(* Let $(\mathfrak{g},[\cdot,\cdot]_{\mathfrak{g}},\phi_{\mathfrak{g}})$ be a finite-dimensional Hom-Lie algebra with a nondegenerate symmetric invariant bilinear form $\mathfrak B$. Then $\mathfrak g$ is weakly involutive, and $(\mathfrak g,\phi_{\mathfrak g},\mathrm{ad})$ and $(\mathfrak g^*,\phi_{\mathfrak g}^*,\mathrm{ad}^\circ)$ are equivalent representations of $\mathfrak g$. Conversely, if $\mathfrak g$ is weakly involutive and $(\mathfrak g,\phi_{\mathfrak g},\mathrm{ad})$ and $(\mathfrak g^*,\phi_{\mathfrak g}^*,\mathrm{ad}^\circ)$ are equivalent representations of $\mathfrak g$, then there exists a nondegenerate invariant bilinear form on $\mathfrak g$.
   Context: A Hom-Lie algebra $(\mathfrak{g},[\cdot,\cdot]_{\mathfrak{g}},\phi_{\mathfrak{g}})$: skew-symmetric bilinear bracket and linear map with $\phi_{\mathfrak g}[x,y]=[\phi_{\mathfrak g}x,\phi_{\mathfrak g}y]$ and $[\phi_{\mathfrak g}(x),[y,z]]+[\phi_{\mathfrak g}(y),[z,x]]+[\phi_{\mathfrak g}(z),[x,y]]=0$; weakly involutive if $[\phi_{\mathfrak g}^2(x),y]_{\mathfrak g}=[x,y]_{\mathfrak g}$ for all $x,y$. A representation $(V,\beta,\rho)$: $\beta\in\mathfrak{gl}(V)$, $\rho:\mathfrak g\to\mathfrak{gl}(V)$ with $\rho(\phi_{\mathfrak g}(x))\beta=\beta\rho(x)$ and $\rho([x,y])\beta=\rho(\phi_{\mathfrak g}(x))\rho(y)-\rho(\phi_{\mathfrak g}(y))\rho(x)$. Adjoint: $\mathrm{ad}_xy=[x,y]_{\mathfrak g}$. $\mathrm{ad}^\circ_xa\in\mathfrak g^*$: $\langle\mathrm{ad}^\circ_xa,y\rangle=-\langle a,[\phi_{\mathfrak g}(x),y]_{\mathfrak g}\rangle$. Two representations $(V,\beta,\rho)$, $(V',\beta',\rho')$ are equivalent if there is a linear isomorphism $\varphi:V\to V'$ with $\varphi\rho(x)=\rho'(x)\varphi$ for all $x$ and $\beta'\varphi=\varphi\beta$. A bilinear form $\mathfrak B$ on $\mathfrak g$ is invariant if $\mathfrak B([x,y]_{\mathfrak g},z)=\mathfrak B(x,[\phi_{\mathfrak g}(y),z]_{\mathfrak g})$ and $\mathfrak B(\phi_{\mathfrak g}(x),y)=\mathfrak B(x,\phi_{\mathfrak g}(y))$ for all $x,y,z$. *)

theory Defs
  imports "HOL-Analysis.Analysis"
begin

text \<open>A finite-dimensional vector space over a field 'k is modelled as 'k^'n with 'n finite.
  The dual space is identified with 'k^'n via the standard pairing.\<close>

type_synonym ('k,'n) gvec = "'k ^ 'n"
(* Let $n\ge1$, $K\ge1$ and $p_n\in[0,1]$. Let $(\mathcal{G}(n),\mathcal{A}_1(n),\dots,\mathcal{A}_K(n))$ be the output of the Tetris exploration algorithm, and let $\mathcal{N}_i(n)=\{v:h_v(n)=i\}$ be the sets of vertices at height $i$ in the final state of the Tetris model on $G(n,p_n)$ (both described in the context). Then the joint distribution of $(\mathcal{G}(n),\mathcal{A}_1(n),\dots,\mathcal{A}_K(n))$ is identical to that of $(G(n,p_n),\mathcal{N}_1(n),\dots,\mathcal{N}_K(n))$.
   Context: $G(n,p_n)$ is the Erdős–Rényi random graph on $[n]$ with independent edge probability $p_n$. Tetris model: given a realization of $G(n,p_n)$, set $h_v(0)=0$ for all $v$. At step $t+1$ a vertex $u$ is chosen uniformly at random among vertices not selected before; letting $m=\max\{h_w(t):w \text{ a neighbour of } u\}$ (with $m=0$ if $u$ has no neighbours), set $h_u(t+1)=m+1$ if $m<K$ and $h_u(t+1)=0$ otherwise; all other heights are unchanged. Tetris exploration algorithm: maintain $\mathcal{A}_k(t)$ (explored vertices at height $k$, $0\le k\le K$; height 0 meaning frozen) and unexplored set $\mathcal{U}(t)$, initially $\mathcal{A}_k(0)=\varnothing$, $\mathcal{U}(0)=[n]$; $\mathcal{A}(t)=\bigcup_{k=0}^K\mathcal{A}_k(t)$. At step $t+1$, select $v\in\mathcal{U}(t)$ uniformly at random, remove it from $\mathcal{U}$, and join it to each vertex of $\mathcal{A}(t)$ independently with probability $p_n$. Let $j$ be the maximal height among the vertices of $\mathcal{A}(t)$ joined to $v$ ($j=0$ if none). If $j\le K-1$, $v$ receives height $j+1$ (joins $\mathcal{A}_{j+1}$); otherwise $v$ receives height $0$ (joins $\mathcal{A}_0$). After $n$ steps the algorithm outputs $(\mathcal{A}_1(n),\dots,\mathcal{A}_K(n))$ and the graph $\mathcal{G}(n)$ on $[n]$ of all edges added. *)

theory Defs
  imports "HOL-Probability.Probability"
begin
lemma inverse_power_mult_power:
  fixes u w :: "'a::field"
  assumes "u * w = 1" "i \<le> r"
  shows "w ^ r * u ^ i = w ^ (r - i)"
proof -
  have "w ^ r * u ^ i = w ^ (r - i) * (u * w) ^ i"
    using assms(2) by (simp add: power_mult_distrib power_add[symmetric] algebra_simps)
  then show ?thesis using assms(1) by simp
qed

lemma poly_mult_inverse_power:
  fixes u w :: "'a::field"
  assumes "u * w = 1" "n \<le> r"
  shows "(\<Sum>i\<le>n. e i * u ^ i) * w ^ r = (\<Sum>i\<le>n. e i * w ^ (r - i))"
  unfolding sum_distrib_right
proof (rule sum.cong)
  fix i assume "i \<in> {..n}"
  then show "e i * u ^ i * w ^ r = e i * w ^ (r - i)"
    using inverse_power_mult_power[OF assms(1), of i r] assms(2) by (simp add: ac_simps)
qed simp

inductive_set extended_ideal :: "'a::field set \<Rightarrow> 'a set \<Rightarrow> 'a set" for I B where
  zero: "0 \<in> extended_ideal I B"
| gen: "c \<in> I \<Longrightarrow> d \<in> B \<Longrightarrow> c * d \<in> extended_ideal I B"
| add: "x \<in> extended_ideal I B \<Longrightarrow> y \<in> extended_ideal I B \<Longrightarrow> x + y \<in> extended_ideal I B"

lemma extended_ideal_sum:
  fixes k :: nat
  assumes "\<And>j. j < k \<Longrightarrow> c j \<in> I" "\<And>j. j < k \<Longrightarrow> d j \<in> B"
  shows "(\<Sum>j<k. c j * d j) \<in> extended_ideal I B"
  using assms by (induction k) (simp_all add: extended_ideal.intros)

lemma extended_ideal_mult:
  assumes B: "subring_of B"
    and x: "x \<in> extended_ideal I B" and y: "y \<in> extended_ideal J B"
    and IJ: "\<And>a b. a \<in> I \<Longrightarrow> b \<in> J \<Longrightarrow> a * b \<in> K"
  shows "x * y \<in> extended_ideal K B"
  using x
proof induction
  case (gen c d)
  from y show ?case
  proof induction
    case (gen c' d')
    have "c * d * (c' * d') = (c * c') * (d * d')" by (simp add: ac_simps)
    then show ?case
      using IJ \<open>c \<in> I\<close> \<open>c' \<in> J\<close> subring_of_mult[OF B \<open>d \<in> B\<close> \<open>d' \<in> B\<close>]
      by (metis extended_ideal.gen)
  qed (simp_all add: distrib_left extended_ideal.intros)
qed (simp_all add: distrib_right extended_ideal.intros)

........

**WHAT THIS TASK INVOLVES:**
Return every line holding the word "open" from the records.

**EXERCISE RESULT:**
text \<open>A finite-dimensional vector space over a field 'k is modelled as 'k^'n with 'n finite.
      using IJ \<open>c \<in> I\<close> \<open>c' \<in> J\<close> subring_of_mult[OF B \<open>d \<in> B\<close> \<open>d' \<in> B\<close>]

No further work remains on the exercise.